Please give back only the lines below from the one containing "q h \<subseteq>" to the one containing "text \<open>A cycle", each repeated word for word, both ends included.

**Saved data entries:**
#####

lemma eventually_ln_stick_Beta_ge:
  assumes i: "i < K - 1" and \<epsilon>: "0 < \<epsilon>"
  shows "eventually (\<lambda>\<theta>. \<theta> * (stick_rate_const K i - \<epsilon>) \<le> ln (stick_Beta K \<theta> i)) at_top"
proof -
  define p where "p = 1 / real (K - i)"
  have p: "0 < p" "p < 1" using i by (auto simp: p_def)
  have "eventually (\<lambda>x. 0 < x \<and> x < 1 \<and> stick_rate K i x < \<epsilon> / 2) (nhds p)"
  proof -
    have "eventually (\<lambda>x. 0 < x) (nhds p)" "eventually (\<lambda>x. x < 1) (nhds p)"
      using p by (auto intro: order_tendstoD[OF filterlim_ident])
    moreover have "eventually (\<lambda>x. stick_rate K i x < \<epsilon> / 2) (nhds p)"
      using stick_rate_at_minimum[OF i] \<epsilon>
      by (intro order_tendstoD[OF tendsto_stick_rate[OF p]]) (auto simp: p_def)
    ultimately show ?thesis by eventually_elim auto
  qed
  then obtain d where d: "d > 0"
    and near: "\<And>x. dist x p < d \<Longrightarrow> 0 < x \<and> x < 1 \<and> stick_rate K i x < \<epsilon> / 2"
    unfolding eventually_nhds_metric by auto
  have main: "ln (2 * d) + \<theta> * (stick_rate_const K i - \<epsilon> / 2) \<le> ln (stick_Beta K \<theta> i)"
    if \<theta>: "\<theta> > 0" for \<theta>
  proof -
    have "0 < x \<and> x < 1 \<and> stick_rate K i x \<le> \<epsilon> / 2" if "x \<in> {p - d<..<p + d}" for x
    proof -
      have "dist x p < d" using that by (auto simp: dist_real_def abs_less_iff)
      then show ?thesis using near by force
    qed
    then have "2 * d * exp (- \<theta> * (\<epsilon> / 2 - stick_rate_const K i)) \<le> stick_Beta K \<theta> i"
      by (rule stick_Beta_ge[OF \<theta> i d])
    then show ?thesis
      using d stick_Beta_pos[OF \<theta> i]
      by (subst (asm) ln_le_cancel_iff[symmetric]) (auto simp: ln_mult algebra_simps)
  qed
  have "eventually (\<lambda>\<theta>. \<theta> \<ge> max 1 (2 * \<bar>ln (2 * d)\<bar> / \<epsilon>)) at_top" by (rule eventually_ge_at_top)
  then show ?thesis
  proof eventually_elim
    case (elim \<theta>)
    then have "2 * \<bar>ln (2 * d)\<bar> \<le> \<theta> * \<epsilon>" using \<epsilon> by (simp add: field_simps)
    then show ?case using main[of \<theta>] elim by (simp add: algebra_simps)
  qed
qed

#####

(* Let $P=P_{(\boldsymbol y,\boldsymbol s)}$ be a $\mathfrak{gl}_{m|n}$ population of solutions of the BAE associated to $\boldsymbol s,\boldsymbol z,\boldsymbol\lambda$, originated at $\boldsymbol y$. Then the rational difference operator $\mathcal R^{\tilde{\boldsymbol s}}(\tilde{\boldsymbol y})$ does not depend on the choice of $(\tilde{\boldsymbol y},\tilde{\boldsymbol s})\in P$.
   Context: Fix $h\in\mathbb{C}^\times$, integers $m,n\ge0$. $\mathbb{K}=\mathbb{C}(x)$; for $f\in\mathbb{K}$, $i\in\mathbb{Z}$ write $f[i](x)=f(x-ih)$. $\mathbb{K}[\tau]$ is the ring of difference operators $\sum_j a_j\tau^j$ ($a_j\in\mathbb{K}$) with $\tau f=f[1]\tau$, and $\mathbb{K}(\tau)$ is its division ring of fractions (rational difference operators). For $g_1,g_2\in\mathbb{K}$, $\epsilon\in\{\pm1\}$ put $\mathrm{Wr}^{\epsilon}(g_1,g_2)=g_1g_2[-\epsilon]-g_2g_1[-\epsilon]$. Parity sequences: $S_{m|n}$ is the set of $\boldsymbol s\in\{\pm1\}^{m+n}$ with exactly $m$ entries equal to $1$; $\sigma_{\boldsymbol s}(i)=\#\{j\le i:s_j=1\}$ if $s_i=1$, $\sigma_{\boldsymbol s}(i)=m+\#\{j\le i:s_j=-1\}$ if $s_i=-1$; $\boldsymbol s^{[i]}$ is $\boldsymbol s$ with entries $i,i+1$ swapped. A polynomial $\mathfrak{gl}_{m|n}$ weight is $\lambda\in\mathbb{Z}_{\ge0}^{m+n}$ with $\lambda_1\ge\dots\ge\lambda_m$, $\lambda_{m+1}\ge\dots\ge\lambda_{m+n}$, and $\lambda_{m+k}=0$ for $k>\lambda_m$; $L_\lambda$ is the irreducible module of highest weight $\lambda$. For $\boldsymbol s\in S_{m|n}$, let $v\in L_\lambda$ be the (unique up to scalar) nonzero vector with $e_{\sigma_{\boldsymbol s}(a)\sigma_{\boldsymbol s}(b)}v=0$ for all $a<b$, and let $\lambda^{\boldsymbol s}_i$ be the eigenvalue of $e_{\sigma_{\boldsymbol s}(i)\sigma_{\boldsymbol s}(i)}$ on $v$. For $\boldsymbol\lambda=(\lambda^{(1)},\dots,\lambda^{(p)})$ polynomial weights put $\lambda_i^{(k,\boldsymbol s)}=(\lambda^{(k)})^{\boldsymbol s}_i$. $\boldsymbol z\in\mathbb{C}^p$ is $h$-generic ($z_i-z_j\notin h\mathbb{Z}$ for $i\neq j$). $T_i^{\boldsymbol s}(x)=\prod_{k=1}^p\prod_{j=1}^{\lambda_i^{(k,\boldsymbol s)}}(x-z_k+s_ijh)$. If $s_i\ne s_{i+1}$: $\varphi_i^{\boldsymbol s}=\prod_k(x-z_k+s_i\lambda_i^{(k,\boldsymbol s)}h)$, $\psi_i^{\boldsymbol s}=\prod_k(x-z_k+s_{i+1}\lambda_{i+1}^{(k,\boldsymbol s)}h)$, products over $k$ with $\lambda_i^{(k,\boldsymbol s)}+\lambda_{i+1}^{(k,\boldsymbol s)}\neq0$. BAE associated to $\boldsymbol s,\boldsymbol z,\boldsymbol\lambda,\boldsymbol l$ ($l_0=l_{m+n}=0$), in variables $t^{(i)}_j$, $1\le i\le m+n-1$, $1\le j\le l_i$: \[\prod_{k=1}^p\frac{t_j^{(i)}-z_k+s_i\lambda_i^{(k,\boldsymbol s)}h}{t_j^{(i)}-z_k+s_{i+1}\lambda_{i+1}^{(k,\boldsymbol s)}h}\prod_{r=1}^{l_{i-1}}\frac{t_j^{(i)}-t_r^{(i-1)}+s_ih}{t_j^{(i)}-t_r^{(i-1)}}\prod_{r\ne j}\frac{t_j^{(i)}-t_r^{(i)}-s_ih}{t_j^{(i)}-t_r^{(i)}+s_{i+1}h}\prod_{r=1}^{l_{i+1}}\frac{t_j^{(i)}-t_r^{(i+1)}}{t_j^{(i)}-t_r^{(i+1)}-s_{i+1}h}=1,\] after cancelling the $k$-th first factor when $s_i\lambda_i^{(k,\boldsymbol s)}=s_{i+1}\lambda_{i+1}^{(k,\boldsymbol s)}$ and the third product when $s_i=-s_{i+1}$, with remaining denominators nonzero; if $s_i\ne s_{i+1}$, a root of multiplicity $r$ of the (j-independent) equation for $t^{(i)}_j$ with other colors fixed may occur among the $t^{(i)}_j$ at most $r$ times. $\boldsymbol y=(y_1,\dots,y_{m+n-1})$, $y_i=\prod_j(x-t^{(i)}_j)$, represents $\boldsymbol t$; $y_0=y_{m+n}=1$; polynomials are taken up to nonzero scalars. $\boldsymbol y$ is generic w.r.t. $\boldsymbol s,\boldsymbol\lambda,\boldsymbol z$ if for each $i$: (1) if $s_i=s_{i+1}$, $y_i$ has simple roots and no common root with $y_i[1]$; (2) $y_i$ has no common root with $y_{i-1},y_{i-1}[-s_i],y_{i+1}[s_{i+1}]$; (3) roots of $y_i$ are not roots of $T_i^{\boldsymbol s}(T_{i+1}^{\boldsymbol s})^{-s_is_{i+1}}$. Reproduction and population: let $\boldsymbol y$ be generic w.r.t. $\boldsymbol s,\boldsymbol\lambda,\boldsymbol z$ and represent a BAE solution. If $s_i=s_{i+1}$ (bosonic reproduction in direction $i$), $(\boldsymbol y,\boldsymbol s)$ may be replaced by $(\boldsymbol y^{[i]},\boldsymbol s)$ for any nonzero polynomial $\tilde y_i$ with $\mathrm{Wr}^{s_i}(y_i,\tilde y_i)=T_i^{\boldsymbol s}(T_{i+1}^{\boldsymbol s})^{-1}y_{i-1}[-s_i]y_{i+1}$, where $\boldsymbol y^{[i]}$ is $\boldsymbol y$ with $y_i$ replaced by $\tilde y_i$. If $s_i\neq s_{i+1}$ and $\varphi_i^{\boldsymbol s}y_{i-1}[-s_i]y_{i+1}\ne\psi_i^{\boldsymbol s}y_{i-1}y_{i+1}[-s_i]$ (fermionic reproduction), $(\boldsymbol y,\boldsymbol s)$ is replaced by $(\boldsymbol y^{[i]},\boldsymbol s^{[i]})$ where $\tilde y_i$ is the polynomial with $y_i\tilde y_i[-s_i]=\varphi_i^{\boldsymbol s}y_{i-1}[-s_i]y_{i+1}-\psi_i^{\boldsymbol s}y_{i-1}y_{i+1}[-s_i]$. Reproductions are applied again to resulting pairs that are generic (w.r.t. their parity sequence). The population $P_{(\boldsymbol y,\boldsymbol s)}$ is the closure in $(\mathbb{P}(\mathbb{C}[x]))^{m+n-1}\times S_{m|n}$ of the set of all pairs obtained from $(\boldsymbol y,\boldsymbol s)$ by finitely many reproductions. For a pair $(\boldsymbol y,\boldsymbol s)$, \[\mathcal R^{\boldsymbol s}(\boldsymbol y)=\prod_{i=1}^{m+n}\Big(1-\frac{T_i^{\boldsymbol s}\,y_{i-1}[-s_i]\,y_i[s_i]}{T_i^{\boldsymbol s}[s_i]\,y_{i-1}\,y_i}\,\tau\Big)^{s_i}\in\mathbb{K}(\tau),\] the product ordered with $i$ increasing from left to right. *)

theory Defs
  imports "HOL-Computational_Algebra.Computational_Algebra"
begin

#####

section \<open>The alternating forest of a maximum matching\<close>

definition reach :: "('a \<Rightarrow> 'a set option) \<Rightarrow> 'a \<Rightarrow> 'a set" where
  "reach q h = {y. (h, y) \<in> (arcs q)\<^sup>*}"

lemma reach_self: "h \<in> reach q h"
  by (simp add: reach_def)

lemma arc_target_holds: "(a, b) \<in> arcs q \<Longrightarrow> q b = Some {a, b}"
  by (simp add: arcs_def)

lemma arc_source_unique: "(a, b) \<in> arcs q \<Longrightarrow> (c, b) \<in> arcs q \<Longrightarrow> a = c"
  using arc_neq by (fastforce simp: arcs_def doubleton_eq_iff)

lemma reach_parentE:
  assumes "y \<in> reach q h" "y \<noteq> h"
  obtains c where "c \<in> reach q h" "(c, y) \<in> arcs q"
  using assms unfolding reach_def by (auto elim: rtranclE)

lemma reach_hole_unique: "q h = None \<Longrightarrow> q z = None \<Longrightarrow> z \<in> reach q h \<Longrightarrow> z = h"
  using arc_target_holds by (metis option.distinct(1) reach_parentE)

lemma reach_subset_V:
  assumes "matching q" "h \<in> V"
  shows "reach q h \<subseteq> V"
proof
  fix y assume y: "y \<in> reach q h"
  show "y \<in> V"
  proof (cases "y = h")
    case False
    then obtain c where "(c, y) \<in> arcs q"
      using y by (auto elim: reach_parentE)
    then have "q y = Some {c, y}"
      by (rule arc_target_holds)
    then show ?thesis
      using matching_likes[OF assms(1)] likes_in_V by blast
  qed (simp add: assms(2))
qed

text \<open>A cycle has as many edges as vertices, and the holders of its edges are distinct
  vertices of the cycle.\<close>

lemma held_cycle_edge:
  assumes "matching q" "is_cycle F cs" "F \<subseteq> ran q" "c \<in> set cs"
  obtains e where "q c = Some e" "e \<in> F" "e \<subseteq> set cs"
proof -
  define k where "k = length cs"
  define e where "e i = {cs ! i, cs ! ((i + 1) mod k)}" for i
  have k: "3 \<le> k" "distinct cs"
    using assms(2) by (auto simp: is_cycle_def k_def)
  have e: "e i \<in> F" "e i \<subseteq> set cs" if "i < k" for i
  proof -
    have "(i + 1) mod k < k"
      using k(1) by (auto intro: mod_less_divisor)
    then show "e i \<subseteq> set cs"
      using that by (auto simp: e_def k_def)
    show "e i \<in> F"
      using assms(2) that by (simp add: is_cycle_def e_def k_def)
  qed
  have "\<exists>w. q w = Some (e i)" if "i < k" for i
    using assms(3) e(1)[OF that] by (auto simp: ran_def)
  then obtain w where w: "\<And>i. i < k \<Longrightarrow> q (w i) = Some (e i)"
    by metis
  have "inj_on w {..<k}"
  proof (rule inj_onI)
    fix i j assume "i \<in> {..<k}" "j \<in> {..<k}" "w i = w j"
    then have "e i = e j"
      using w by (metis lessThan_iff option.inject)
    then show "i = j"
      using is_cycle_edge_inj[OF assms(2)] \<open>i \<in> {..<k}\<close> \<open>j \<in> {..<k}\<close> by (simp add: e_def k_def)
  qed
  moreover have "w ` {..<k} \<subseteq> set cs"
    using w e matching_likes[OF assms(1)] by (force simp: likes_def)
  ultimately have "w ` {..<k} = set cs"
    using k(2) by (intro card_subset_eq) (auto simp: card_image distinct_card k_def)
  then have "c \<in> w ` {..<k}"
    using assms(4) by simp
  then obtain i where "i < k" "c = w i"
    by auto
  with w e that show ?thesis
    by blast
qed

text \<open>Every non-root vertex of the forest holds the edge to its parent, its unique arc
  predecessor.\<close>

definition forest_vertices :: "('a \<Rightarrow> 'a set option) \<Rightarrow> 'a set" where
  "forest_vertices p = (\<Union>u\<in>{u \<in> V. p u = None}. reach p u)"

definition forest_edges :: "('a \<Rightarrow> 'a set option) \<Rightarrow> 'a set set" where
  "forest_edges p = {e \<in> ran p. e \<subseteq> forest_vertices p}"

#####

**TASK RESPONSE:**
  shows "reach q h \<subseteq> V"
proof
  fix y assume y: "y \<in> reach q h"
  show "y \<in> V"
  proof (cases "y = h")
    case False
    then obtain c where "(c, y) \<in> arcs q"
      using y by (auto elim: reach_parentE)
    then have "q y = Some {c, y}"
      by (rule arc_target_holds)
    then show ?thesis
      using matching_likes[OF assms(1)] likes_in_V by blast
  qed (simp add: assms(2))
qed

text \<open>A cycle has as many edges as vertices, and the holders of its edges are distinct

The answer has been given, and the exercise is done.